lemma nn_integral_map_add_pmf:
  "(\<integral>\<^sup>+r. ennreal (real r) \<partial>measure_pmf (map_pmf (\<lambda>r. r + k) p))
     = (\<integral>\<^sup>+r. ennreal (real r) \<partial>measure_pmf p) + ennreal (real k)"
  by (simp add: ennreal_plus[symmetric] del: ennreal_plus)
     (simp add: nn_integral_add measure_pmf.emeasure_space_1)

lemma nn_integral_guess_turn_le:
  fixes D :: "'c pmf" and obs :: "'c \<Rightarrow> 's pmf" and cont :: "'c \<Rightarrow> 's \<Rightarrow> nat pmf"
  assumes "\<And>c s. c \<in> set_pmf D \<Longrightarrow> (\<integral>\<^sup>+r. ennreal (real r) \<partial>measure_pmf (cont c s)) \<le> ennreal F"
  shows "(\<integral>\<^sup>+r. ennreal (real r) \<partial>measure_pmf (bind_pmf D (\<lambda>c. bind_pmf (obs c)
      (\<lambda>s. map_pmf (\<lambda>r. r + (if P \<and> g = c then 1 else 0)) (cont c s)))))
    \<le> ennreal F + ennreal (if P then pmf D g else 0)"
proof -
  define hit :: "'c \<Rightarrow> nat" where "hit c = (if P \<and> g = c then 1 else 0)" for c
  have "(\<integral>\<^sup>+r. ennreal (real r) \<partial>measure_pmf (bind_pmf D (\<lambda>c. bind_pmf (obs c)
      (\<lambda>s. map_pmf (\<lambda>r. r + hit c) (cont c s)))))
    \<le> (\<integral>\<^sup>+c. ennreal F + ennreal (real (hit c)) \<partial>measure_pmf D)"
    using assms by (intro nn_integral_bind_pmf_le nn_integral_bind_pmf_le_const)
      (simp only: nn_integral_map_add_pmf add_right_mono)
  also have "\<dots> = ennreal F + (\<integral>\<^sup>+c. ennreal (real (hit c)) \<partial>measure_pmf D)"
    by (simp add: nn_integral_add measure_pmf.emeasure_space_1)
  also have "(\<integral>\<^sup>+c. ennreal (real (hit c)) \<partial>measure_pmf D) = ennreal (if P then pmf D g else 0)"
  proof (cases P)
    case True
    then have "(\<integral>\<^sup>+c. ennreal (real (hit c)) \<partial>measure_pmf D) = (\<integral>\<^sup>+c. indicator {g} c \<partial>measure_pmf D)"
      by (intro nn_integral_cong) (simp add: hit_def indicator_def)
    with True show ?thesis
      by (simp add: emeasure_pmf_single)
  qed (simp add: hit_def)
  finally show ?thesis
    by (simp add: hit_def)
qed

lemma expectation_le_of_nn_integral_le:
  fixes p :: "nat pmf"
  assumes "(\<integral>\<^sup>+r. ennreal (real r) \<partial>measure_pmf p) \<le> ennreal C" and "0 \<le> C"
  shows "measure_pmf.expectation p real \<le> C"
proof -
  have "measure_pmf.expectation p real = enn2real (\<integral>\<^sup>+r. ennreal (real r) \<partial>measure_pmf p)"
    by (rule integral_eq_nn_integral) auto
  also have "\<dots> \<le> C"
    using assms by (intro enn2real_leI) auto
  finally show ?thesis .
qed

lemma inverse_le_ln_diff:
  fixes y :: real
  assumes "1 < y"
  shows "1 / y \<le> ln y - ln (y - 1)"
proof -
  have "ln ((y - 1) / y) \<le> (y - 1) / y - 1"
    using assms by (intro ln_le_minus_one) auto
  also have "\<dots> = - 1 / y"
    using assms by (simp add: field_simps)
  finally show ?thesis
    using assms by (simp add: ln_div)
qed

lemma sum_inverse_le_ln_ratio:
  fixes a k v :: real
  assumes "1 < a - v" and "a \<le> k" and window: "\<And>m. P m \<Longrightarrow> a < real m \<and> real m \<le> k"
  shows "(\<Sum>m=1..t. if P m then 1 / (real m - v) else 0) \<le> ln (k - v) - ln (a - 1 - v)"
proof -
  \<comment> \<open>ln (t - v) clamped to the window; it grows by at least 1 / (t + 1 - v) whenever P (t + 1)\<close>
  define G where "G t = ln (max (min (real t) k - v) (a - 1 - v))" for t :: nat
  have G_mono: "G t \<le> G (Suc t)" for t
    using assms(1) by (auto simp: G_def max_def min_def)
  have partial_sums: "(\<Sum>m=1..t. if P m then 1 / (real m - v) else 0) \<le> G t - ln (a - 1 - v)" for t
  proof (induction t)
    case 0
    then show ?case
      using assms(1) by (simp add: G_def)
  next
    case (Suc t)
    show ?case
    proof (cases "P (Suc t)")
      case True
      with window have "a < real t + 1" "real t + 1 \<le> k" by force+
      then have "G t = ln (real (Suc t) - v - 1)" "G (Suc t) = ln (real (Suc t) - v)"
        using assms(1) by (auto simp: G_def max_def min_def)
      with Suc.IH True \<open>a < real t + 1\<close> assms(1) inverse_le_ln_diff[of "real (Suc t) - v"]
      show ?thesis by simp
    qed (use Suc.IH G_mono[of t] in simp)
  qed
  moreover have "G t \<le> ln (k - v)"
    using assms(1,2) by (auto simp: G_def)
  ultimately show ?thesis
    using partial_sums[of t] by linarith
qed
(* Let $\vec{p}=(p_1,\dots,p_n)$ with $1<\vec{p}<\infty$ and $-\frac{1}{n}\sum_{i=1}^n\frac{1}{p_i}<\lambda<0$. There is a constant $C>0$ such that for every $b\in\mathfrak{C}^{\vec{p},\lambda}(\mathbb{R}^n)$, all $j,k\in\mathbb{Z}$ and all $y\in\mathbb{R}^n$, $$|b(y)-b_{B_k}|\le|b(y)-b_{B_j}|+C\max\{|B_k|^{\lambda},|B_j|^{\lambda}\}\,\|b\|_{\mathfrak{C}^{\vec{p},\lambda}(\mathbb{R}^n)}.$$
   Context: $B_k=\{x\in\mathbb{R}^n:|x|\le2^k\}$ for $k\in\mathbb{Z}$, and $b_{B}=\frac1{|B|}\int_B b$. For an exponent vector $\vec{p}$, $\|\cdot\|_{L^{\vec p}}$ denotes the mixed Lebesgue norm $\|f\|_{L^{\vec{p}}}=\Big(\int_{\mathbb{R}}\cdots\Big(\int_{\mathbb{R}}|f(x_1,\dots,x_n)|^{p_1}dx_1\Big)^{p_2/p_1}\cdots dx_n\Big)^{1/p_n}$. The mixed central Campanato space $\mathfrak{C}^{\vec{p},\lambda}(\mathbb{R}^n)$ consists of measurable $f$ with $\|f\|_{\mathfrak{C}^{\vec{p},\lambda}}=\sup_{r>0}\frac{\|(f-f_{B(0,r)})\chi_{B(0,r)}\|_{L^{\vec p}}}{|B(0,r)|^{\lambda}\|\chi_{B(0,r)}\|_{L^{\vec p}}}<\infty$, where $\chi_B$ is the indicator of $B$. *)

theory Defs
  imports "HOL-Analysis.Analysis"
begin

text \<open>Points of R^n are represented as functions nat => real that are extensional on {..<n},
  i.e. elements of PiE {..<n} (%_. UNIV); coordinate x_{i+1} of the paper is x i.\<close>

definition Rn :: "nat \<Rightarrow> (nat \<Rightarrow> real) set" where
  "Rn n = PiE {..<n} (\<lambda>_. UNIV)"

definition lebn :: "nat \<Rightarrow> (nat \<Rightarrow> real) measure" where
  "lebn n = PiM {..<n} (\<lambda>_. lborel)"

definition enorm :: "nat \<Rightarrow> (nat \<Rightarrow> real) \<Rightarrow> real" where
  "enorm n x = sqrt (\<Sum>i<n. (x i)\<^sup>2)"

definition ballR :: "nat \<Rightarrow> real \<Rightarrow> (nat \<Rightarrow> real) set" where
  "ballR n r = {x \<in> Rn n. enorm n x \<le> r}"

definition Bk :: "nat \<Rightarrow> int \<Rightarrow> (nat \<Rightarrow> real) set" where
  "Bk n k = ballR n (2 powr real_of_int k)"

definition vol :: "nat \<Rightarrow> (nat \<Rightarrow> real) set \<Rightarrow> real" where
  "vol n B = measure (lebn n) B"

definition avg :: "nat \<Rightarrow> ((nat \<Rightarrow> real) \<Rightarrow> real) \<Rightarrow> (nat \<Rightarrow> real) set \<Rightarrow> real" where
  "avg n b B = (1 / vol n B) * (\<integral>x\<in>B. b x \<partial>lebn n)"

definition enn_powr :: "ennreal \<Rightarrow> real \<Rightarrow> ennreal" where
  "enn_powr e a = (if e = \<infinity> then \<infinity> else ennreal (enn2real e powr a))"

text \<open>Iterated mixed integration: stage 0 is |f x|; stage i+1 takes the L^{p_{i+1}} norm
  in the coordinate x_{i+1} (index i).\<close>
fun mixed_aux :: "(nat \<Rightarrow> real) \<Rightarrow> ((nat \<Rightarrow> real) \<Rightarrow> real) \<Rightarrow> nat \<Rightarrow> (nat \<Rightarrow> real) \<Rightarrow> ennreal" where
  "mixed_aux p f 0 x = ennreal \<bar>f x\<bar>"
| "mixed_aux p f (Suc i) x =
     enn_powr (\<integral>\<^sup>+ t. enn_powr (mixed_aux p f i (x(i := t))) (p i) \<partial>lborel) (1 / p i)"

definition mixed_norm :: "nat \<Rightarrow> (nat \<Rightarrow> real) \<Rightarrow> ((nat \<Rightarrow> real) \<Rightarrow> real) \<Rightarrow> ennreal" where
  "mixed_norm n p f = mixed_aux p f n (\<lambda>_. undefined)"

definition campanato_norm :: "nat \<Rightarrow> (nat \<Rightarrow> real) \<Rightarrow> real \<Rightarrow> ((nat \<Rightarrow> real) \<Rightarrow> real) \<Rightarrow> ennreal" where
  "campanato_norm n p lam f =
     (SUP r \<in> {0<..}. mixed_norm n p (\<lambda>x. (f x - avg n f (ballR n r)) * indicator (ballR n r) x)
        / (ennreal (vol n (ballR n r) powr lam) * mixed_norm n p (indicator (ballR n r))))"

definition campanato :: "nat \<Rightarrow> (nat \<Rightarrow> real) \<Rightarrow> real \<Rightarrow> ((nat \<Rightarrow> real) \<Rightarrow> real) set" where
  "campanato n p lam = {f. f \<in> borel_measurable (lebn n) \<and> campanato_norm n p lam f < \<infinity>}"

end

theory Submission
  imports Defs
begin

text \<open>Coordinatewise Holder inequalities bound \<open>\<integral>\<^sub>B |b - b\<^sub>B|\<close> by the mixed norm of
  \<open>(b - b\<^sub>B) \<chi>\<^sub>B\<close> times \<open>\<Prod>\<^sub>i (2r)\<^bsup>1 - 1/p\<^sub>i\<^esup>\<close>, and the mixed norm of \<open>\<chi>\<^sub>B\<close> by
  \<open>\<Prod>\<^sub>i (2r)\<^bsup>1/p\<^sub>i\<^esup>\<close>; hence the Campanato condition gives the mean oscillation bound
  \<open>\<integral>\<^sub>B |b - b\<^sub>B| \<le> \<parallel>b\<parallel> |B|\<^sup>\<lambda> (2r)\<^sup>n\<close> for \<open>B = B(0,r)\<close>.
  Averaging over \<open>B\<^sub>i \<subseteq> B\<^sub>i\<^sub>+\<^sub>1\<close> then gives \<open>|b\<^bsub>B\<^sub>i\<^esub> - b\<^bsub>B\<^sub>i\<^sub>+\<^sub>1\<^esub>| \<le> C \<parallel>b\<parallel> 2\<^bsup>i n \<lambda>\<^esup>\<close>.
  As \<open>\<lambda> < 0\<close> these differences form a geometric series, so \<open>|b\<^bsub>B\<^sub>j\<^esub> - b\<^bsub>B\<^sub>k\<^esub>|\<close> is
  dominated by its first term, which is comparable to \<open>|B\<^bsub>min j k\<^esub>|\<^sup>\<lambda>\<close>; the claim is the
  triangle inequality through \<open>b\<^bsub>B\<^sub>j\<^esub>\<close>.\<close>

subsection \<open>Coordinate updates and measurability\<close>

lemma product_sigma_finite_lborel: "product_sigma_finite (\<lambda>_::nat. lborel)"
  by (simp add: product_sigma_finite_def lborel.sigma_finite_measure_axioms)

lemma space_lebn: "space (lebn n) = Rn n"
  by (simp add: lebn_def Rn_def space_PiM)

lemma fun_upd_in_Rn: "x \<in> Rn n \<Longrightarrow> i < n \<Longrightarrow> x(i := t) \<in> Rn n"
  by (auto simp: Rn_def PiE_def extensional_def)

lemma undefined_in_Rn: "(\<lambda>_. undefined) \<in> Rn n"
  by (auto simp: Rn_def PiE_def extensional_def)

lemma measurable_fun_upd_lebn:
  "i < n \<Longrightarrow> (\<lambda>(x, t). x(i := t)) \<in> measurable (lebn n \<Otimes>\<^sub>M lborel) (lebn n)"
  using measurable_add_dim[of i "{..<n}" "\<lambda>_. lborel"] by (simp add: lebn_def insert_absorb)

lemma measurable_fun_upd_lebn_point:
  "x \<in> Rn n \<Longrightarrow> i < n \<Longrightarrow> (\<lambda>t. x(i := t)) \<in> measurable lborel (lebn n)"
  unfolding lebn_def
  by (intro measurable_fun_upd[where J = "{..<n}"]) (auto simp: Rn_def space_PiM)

● ● ●

Exercise goal => Find every line of the data that includes the string "parallel". Copy each of those lines.

Exercise solution =>
  \<open>\<integral>\<^sub>B |b - b\<^sub>B| \<le> \<parallel>b\<parallel> |B|\<^sup>\<lambda> (2r)\<^sup>n\<close> for \<open>B = B(0,r)\<close>.
  Averaging over \<open>B\<^sub>i \<subseteq> B\<^sub>i\<^sub>+\<^sub>1\<close> then gives \<open>|b\<^bsub>B\<^sub>i\<^esub> - b\<^bsub>B\<^sub>i\<^sub>+\<^sub>1\<^esub>| \<le> C \<parallel>b\<parallel> 2\<^bsup>i n \<lambda>\<^esup>\<close>.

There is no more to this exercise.